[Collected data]
theorem proposition2:
  fixes f g :: "real^'n \<Rightarrow> real^'m \<Rightarrow> real"
    and fx gx :: "real^'n \<Rightarrow> real^'m \<Rightarrow> real^'n"
    and fy gy :: "real^'n \<Rightarrow> real^'m \<Rightarrow> real^'m"
    and Hxx :: "real^'n \<Rightarrow> real^'m \<Rightarrow> real^'n^'n"
    and Hxy :: "real^'n \<Rightarrow> real^'m \<Rightarrow> real^'m^'n"
    and Hyx :: "real^'n \<Rightarrow> real^'m \<Rightarrow> real^'n^'m"
    and Hyy :: "real^'n \<Rightarrow> real^'m \<Rightarrow> real^'m^'m"
    and mu_g L_yy L_yx beta :: real
    and x :: "real \<Rightarrow> real^'n" and y :: "real \<Rightarrow> real^'m"
  assumes
    \<comment> \<open>f continuously differentiable, with gradient blocks fx, fy\<close>
    f_deriv: "\<And>a b. ((\<lambda>p. f (fst p) (snd p)) has_derivative
                 (\<lambda>(h, k). fx a b \<bullet> h + fy a b \<bullet> k)) (at (a, b))"
    and f_cont: "continuous_on UNIV (\<lambda>p. fx (fst p) (snd p))"
                "continuous_on UNIV (\<lambda>p. fy (fst p) (snd p))"
    \<comment> \<open>Assumption A2: g twice continuously differentiable\<close>
    and g_deriv: "\<And>a b. ((\<lambda>p. g (fst p) (snd p)) has_derivative
                 (\<lambda>(h, k). gx a b \<bullet> h + gy a b \<bullet> k)) (at (a, b))"
    and gx_deriv: "\<And>a b. ((\<lambda>p. gx (fst p) (snd p)) has_derivative
                 (\<lambda>(h, k). Hxx a b *v h + Hxy a b *v k)) (at (a, b))"
    and gy_deriv: "\<And>a b. ((\<lambda>p. gy (fst p) (snd p)) has_derivative
                 (\<lambda>(h, k). Hyx a b *v h + Hyy a b *v k)) (at (a, b))"
    and H_cont: "continuous_on UNIV (\<lambda>p. Hxx (fst p) (snd p))"
                "continuous_on UNIV (\<lambda>p. Hxy (fst p) (snd p))"
                "continuous_on UNIV (\<lambda>p. Hyx (fst p) (snd p))"
    "continuous_on UNIV (\<lambda>p. Hyy (fst p) (snd p))"
    \<comment> \<open>Assumption A2: strong convexity and Lipschitz conditions\<close>
    and mu_pos: "mu_g > 0"
    and g_sc: "\<And>a. strongly_convex_on mu_g UNIV (g a)"
    and gy_lip_y: "\<And>a. L_yy-lipschitz_on UNIV (gy a)"
    and gy_lip_x: "\<And>b. L_yx-lipschitz_on UNIV (\<lambda>a. gy a b)"
    and Hyx_lip: "\<exists>L. L-lipschitz_on UNIV (\<lambda>p. Hyx (fst p) (snd p))"
    and Hyy_lip: "\<exists>L. L-lipschitz_on UNIV (\<lambda>p. Hyy (fst p) (snd p))"
    \<comment> \<open>the prediction-correction dynamics\<close>
    and beta_pos: "beta > 0"
    and x_ode: "\<And>t. t \<ge> 0 \<Longrightarrow>
       (x has_vector_derivative - Fhyper fx fy Hyx Hyy (x t) (y t)) (at t within {0..})"
    and y_ode: "\<And>t. t \<ge> 0 \<Longrightarrow>
       (y has_vector_derivative
          - (matrix_inv (Hyy (x t) (y t)) *v
               (beta *\<^sub>R gy (x t) (y t) + Hyx (x t) (y t) *v (- Fhyper fx fy Hyx Hyy (x t) (y t)))))
         (at t within {0..})"
  shows "\<forall>t\<ge>0. norm (y t - ystar g (x t))
            \<le> (1 / mu_g) * norm (gy (x 0) (y 0)) * exp (- beta * t)"
proof (intro allI impI)
  fix t :: real
  assume t: "t \<ge> 0"
  have g_partial: "(g a has_derivative (\<lambda>k. gy a b \<bullet> k)) (at b)" for a b
    by (rule has_derivative_partial_snd[OF g_deriv]) (simp add: bounded_linear_inner_right bounded_linear.linear)
  have gy_partial: "(gy a has_derivative (\<lambda>k. Hyy a b *v k)) (at b)" for a b
    by (rule has_derivative_partial_snd[OF gy_deriv]) (simp add: matrix_vector_mul_linear)
  have "invertible (Hyy a b)" for a b
    using strongly_convex_on_second_derivative_ge[OF g_partial g_sc gy_partial] mu_pos
    by (rule invertible_if_coercive)
  then have "gy (x t) (y t) = exp (- beta * t) *\<^sub>R gy (x 0) (y 0)"
    using x_ode y_ode gy_deriv t
    by (intro has_vector_derivative_linear_scalar_ode[where h = "\<lambda>t. gy (x t) (y t)"]
        gradient_has_vector_derivative_along_correction) auto
  moreover have "mu_g * norm (y t - ystar g (x t)) \<le> norm (gy (x t) (y t))"
    unfolding ystar_def by (rule strongly_convex_on_dist_arg_min_le[OF g_partial g_sc mu_pos])
  ultimately show "norm (y t - ystar g (x t)) \<le> (1 / mu_g) * norm (gy (x 0) (y 0)) * exp (- beta * t)"
    using mu_pos by (simp add: field_simps)
qed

# [Activity]
Transcribe the records from their first line. Stop after the line with "(\<lambda>(h, k). Hxx", including it.

# [Output for this exercise]
theorem proposition2:
  fixes f g :: "real^'n \<Rightarrow> real^'m \<Rightarrow> real"
    and fx gx :: "real^'n \<Rightarrow> real^'m \<Rightarrow> real^'n"
    and fy gy :: "real^'n \<Rightarrow> real^'m \<Rightarrow> real^'m"
    and Hxx :: "real^'n \<Rightarrow> real^'m \<Rightarrow> real^'n^'n"
    and Hxy :: "real^'n \<Rightarrow> real^'m \<Rightarrow> real^'m^'n"
    and Hyx :: "real^'n \<Rightarrow> real^'m \<Rightarrow> real^'n^'m"
    and Hyy :: "real^'n \<Rightarrow> real^'m \<Rightarrow> real^'m^'m"
    and mu_g L_yy L_yx beta :: real
    and x :: "real \<Rightarrow> real^'n" and y :: "real \<Rightarrow> real^'m"
  assumes
    \<comment> \<open>f continuously differentiable, with gradient blocks fx, fy\<close>
    f_deriv: "\<And>a b. ((\<lambda>p. f (fst p) (snd p)) has_derivative
                 (\<lambda>(h, k). fx a b \<bullet> h + fy a b \<bullet> k)) (at (a, b))"
    and f_cont: "continuous_on UNIV (\<lambda>p. fx (fst p) (snd p))"
                "continuous_on UNIV (\<lambda>p. fy (fst p) (snd p))"
    \<comment> \<open>Assumption A2: g twice continuously differentiable\<close>
    and g_deriv: "\<And>a b. ((\<lambda>p. g (fst p) (snd p)) has_derivative
                 (\<lambda>(h, k). gx a b \<bullet> h + gy a b \<bullet> k)) (at (a, b))"
    and gx_deriv: "\<And>a b. ((\<lambda>p. gx (fst p) (snd p)) has_derivative
                 (\<lambda>(h, k). Hxx a b *v h + Hxy a b *v k)) (at (a, b))"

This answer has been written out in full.